Señal que ansiaban recibir y por la que iban a entregar sus vidas
cosidas de recuerdos y experiencias que ahora carecían de
importancia.
-Propongo
una tregua -anunció el capitán.
El
General Gutiérrez parpadeó mientras esbozaba una pícara sonrisa y
veía pasar por su cerebro múltiples imágenes de la victoria que
según él le esperaba a la vuelta de la esquina.
-¡Nunca!
-exclamó alzando su puño al aire.
El
Capitán Jiménez no esperaba aquella respuesta ni deseaba perder a
más hombres. Llevaban casi un mes luchando en aquella inútil guerra
por adueñarse de la Navidad. En una era en la que todo se ganaba o robaba con
violencia, Jiménez añoraba las leyendas sobre un mundo pacífico
que llenaban las páginas de Internet y los periódicos digitales. Ya
no le quedaban munición ni argumentos que dejaran de justificar tal
sacrificio humano. Había probado todo tipo de técnica, desde
recordarle a su familia, el envejecer junto a su mujer, las comidas,
celebraciones, cenas con amigos, partidas... nada parecía ablandar
el corazón de Gutiérrez. Desesperado, no dejaba de darle vueltas a
lo que podía ofrecer hasta que tuvo una gran idea.
- ¿Qué
es lo que deseas a cambio de la tregua? -preguntó Jiménez.
- Adueñarme
de la Navidad -respondió tajante.
- ¿Quiero
decir, qué es lo que te hace feliz?
Gutiérrez
enmudeció. No obtuvo respuesta alguna para aquella extraña
pregunta. Llevaba años luchando y arrebatando todo lo que ansiaba
poseer pero nunca había pensado en robar la felicidad. ¿Cómo podía ser aquello posible? Era cierto que el dulce y efímero sabor de la
victoria le sabía a poco. Se le antojaba la idea de sentirse feliz. En su ignorancia deseaba ser el primero en saborear aquel duradero
manjar.
-Está
bien. Quiero esa felicidad de la que hablas.
Jiménez
notó cómo se relajaban todos los músculos de su cuerpo, hasta finalizar en un largo y profundo suspiro. Sin más bajas
en su bando y soñando ver la sonrisa de su familia, ideó el último
plan que le quedaba en aquella lucha sin sentido.
- Compartir
es lo que te dará la felicidad eterna.
- ¿Compartir?
¿Qué es eso?
- Dar
parte de lo que tienes a quien no tiene.
- Lo que tengo es mío, no quiero entregarlo.
- Bueno,
compartir no es siempre dar. Puedes compartir una manta, un caballo,
una mesa... No significa que lo pierdes. En cambio, cuando
compartes un bocadillo sí que estás donando una parte de él.

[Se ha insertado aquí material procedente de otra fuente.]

(* For any Young diagram $Y$, $$\frac{2\sum_{u\in Y}c(u)}{H_Y}=\sum_{(x,y)\in Cor(Y)}\frac{y-x}{H_{Y\setminus\{(x,y)\}}}$$ and $$\frac{2\sum_{u\in Y}c(u)}{H_Y}=\sum_{hd\in HD(Y)}\frac{1}{H_{Y\setminus hd}}-\sum_{vd\in VD(Y)}\frac{1}{H_{Y\setminus vd}}.$$
   Context: Boxes of a Young diagram (English convention, rows left-justified, weakly decreasing from top) are written $(x,y)$ for the box in the $x$-th row from the top and $y$-th column from the left. The content of $u=(x,y)$ is $c(u)=y-x$. The hook length $h(u)$ is the number of boxes in the same column below $u$ or in the same row to its right, including $u$; $H_Y=\prod_{u\in Y}h(u)$, with $H_\emptyset=1$. $Cor(Y)$ is the set of corners: boxes with no box below them and no box to their right. $HD(Y)$ (resp. $VD(Y)$) is the set of horizontal (resp. vertical) dominos removable from $Y$, i.e. pairs of adjacent boxes in the same row (resp. same column) whose removal from $Y$ leaves a Young diagram. *)

theory Defs
  imports Complex_Main
begin

text \<open>Young diagrams (English convention) as finite sets of boxes (x,y), 1-based:
  x = row index from top, y = column index from left.  Downward closure in both
  coordinates encodes left-justified rows of weakly decreasing length.\<close>

definition young_diagram :: "(nat \<times> nat) set \<Rightarrow> bool" where
  "young_diagram Y \<longleftrightarrow> finite Y \<and> (\<forall>(x,y)\<in>Y. 1 \<le> x \<and> 1 \<le> y) \<and>
     (\<forall>x y x' y'. (x,y) \<in> Y \<and> 1 \<le> x' \<and> x' \<le> x \<and> 1 \<le> y' \<and> y' \<le> y \<longrightarrow> (x',y') \<in> Y)"

definition content :: "nat \<times> nat \<Rightarrow> int" where
  "content u = int (snd u) - int (fst u)"

definition hook :: "(nat \<times> nat) set \<Rightarrow> nat \<times> nat \<Rightarrow> nat" where
  "hook Y u = card {v \<in> Y. snd v = snd u \<and> fst v \<ge> fst u}
            + card {v \<in> Y. fst v = fst u \<and> snd v > snd u}"

definition hook_prod :: "(nat \<times> nat) set \<Rightarrow> nat" where
  "hook_prod Y = (\<Prod>u\<in>Y. hook Y u)"

definition corners :: "(nat \<times> nat) set \<Rightarrow> (nat \<times> nat) set" where
  "corners Y = {(x,y) \<in> Y. (x+1,y) \<notin> Y \<and> (x,y+1) \<notin> Y}"

definition HD :: "(nat \<times> nat) set \<Rightarrow> (nat \<times> nat) set set" where
  "HD Y = {{(x,y),(x,y+1)} | x y. (x,y) \<in> Y \<and> (x,y+1) \<in> Y \<and>
                                 young_diagram (Y - {(x,y),(x,y+1)})}"

definition VD :: "(nat \<times> nat) set \<Rightarrow> (nat \<times> nat) set set" where
  "VD Y = {{(x,y),(x+1,y)} | x y. (x,y) \<in> Y \<and> (x+1,y) \<in> Y \<and>
                                 young_diagram (Y - {(x,y),(x+1,y)})}"

end

theory Submission
  imports Defs "HOL-Real_Asymp.Real_Asymp"
begin

(* Let Y be a Young diagram with N boxes, \<lambda>_i the length of row i, and
   d_i = \<lambda>_i - i (i = 1..N) the content of the last box of row i; the d_i are distinct.

   1. In  z \<Prod>_{u\<in>Y} (1 - 1/(z - c(u))^2)  the factors of each row telescope, giving
      z \<Prod>_u (1 - 1/(z - c(u))^2) = (z + N) \<Prod>_i (1 - 1/(z - d_i)).
   2. Write the right-hand side as z + \<Sum>_i \<rho>_i/(z - d_i) (partial fractions).  Comparing
      the expansions of both sides at z \<rightarrow> \<infinity> gives
      \<Sum>_i \<rho>_i = -N  and  \<Sum>_i d_i \<rho>_i = -2 \<Sum>_u c(u).
   3. \<rho>_i vanishes unless row i ends in a corner u = (i, \<lambda>_i), and then the hook lengths
      give H_Y / H_{Y-u} = -\<rho>_i.  This yields the first identity (and \<Sum>_u H_Y/H_{Y-u} = N).
   4. Applying the first identity to Y - u for each corner u expresses 2 \<Sum> c / H_Y as a sum
      of (c(u) - c(v)) / H_{Y-u-v} over corners u of Y and v of Y - u.  Non-adjacent pairs
      cancel by antisymmetry, and adjacent pairs are the removable horizontal (c(u)-c(v) = 1)
      and vertical (c(u)-c(v) = -1) dominos: the second identity. *)

section \<open>Partial fractions\<close>

lemma partial_fraction_step:
  fixes a x y z :: real
  assumes "z \<noteq> x" "z \<noteq> y" "x \<noteq> y"
  shows "a/(z-x)*(1-1/(z-y)) = a*(1-1/(x-y))/(z-x) - a/(y-x)/(z-y)"
proof -
  have nz: "z - x \<noteq> 0" "z - y \<noteq> 0" "x - y \<noteq> 0" "y - x \<noteq> 0" using assms by auto
  have e1: "1-1/(z-y) = (z-y-1)/(z-y)" and e2: "1-1/(x-y) = (x-y-1)/(x-y)"
    and e3: "a/(y-x) = - a/(x-y)" using nz by (simp_all add: field_simps)
  show ?thesis unfolding e1 e2 e3 using nz by (simp add: divide_simps) (simp add: algebra_simps)
qed

(* The coefficient of 1/(z - d i) in the partial fraction expansion of
  \<Prod>k\<in>S. 1 - 1/(z - d k) (its residue at the simple pole d i). *)
definition pf_coeff :: "'a set \<Rightarrow> ('a \<Rightarrow> real) \<Rightarrow> 'a \<Rightarrow> real" where
  "pf_coeff S d i = - (\<Prod>k\<in>S-{i}. 1 - 1/(d i - d k))"

lemma partial_fractions:
  assumes "finite S" "inj_on d S" "z \<notin> d ` S"
  shows "(\<Prod>k\<in>S. 1 - 1/(z - d k)) = 1 + (\<Sum>i\<in>S. pf_coeff S d i / (z - d i))"
  using assms
proof (induction S arbitrary: z rule: finite_induct)
  case empty
  then show ?case by simp
next
  case (insert e S)
  let ?a = "pf_coeff S d" and ?a' = "pf_coeff (insert e S) d"
  have injS: "inj_on d S" and de: "d e \<notin> d ` S" and zS: "z \<notin> d ` S" and ze: "z \<noteq> d e"
    using insert.prems insert.hyps by auto
  have coeff_new: "?a' e = - (1 + (\<Sum>i\<in>S. ?a i / (d e - d i)))"
    using insert.IH[OF injS de] insert.hyps unfolding pf_coeff_def by simp
  have coeff_old: "?a' i = ?a i * (1 - 1/(d i - d e))" if "i \<in> S" for i
  proof -
    have "insert e S - {i} = insert e (S - {i})" using that insert.hyps by auto
    then show ?thesis unfolding pf_coeff_def using insert.hyps that by (simp add: prod.insert_remove)
  qed
  have summand: "?a i / (z - d i) * (1 - 1/(z - d e)) =
      ?a' i / (z - d i) - ?a i / (d e - d i) / (z - d e)" if "i \<in> S" for i
    unfolding coeff_old[OF that]
    by (rule partial_fraction_step) (use that zS ze de in \<open>auto simp: image_iff\<close>)
  have "(\<Prod>k\<in>insert e S. 1 - 1/(z - d k)) = (1 - 1/(z - d e)) * (1 + (\<Sum>i\<in>S. ?a i / (z - d i)))"
    using insert.IH[OF injS zS] insert.hyps by simp
  also have "\<dots> = 1 - 1/(z - d e) + (\<Sum>i\<in>S. ?a i / (z - d i) * (1 - 1/(z - d e)))"
    by (simp add: sum_distrib_left algebra_simps)
  also have "\<dots> = 1 - 1/(z - d e) + (\<Sum>i\<in>S. ?a' i / (z - d i) - ?a i / (d e - d i) / (z - d e))"
    using sum.cong[OF refl summand] by simp
  also have "\<dots> = 1 - 1/(z - d e) + (\<Sum>i\<in>S. ?a' i / (z - d i))
        - (\<Sum>i\<in>S. ?a i / (d e - d i)) / (z - d e)"
    by (simp only: sum_subtractf sum_divide_distrib add_diff_eq)
  also have "\<dots> = 1 + (\<Sum>i\<in>S. ?a' i / (z - d i)) + ?a' e / (z - d e)"
    unfolding coeff_new by (simp add: add_divide_distrib diff_divide_distrib)
  also have "\<dots> = 1 + (\<Sum>i\<in>insert e S. ?a' i / (z - d i))"
    using insert.hyps by simp
  finally show ?case .
qed

lemma shifted_partial_fractions:
  assumes "finite S" "inj_on d S" "z \<notin> d ` S"
  shows "(z + K) * (\<Prod>k\<in>S. 1 - 1/(z - d k)) =
         z + K + (\<Sum>i\<in>S. pf_coeff S d i) + (\<Sum>i\<in>S. pf_coeff S d i * (d i + K) / (z - d i))"
proof -
  have split: "(z + K) * (pf_coeff S d i / (z - d i)) =
      pf_coeff S d i + pf_coeff S d i * (d i + K) / (z - d i)" if "i \<in> S" for i
  proof -
    have "z - d i \<noteq> 0" using assms(3) that by auto
    then show ?thesis by (simp add: field_simps)
  qed
  have "(\<Sum>i\<in>S. (z + K) * (pf_coeff S d i / (z - d i))) =
      (\<Sum>i\<in>S. pf_coeff S d i + pf_coeff S d i * (d i + K) / (z - d i))"
    by (rule sum.cong[OF refl split])
  then show ?thesis
    unfolding partial_fractions[OF assms] distrib_left sum_distrib_left
    by (simp add: sum.distrib)
qed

-¿Esa es la manera de sentir felicidad?
- Claro.
Al compartir te contagiarás de las sonrisas de los niños y niñas, de
la alegría de jóvenes y adultos, del amor de ancianos y
ancianas... Prueba y verás.
- ¿Y
la Navidad? ¿Seguirá en tu reino?
-Como
buen samaritano que soy, compartiré la Navidad contigo. ¿Qué te
parece?
-¿Y
ganaré dinero?
-Ganarás
algo mucho más valioso que eso.
-¿Qué
majaderías estás diciendo? No hay nada más valioso que el dinero.
-La
felicidad, el amor, la amistad... Son mucho más valiosos. No
tienen fecha de caducidad, se pueden usar a todas horas, aunque se
pierdan se vuelven a encontrar y no tienen fronteras. Son universales.
¡He leído que el amor mueve montañas!
-Vale,
vale. Lo probaré durante un tiempo y si no me convence, volveré
con un ejército mayor y te arrebataré no solo la Navidad, sino
todo tu reino.
-Trato
hecho -contestó extendiendo su mano hacia la de su oponente.
Ambos habían resultado vencedores en una guerra sin sentido.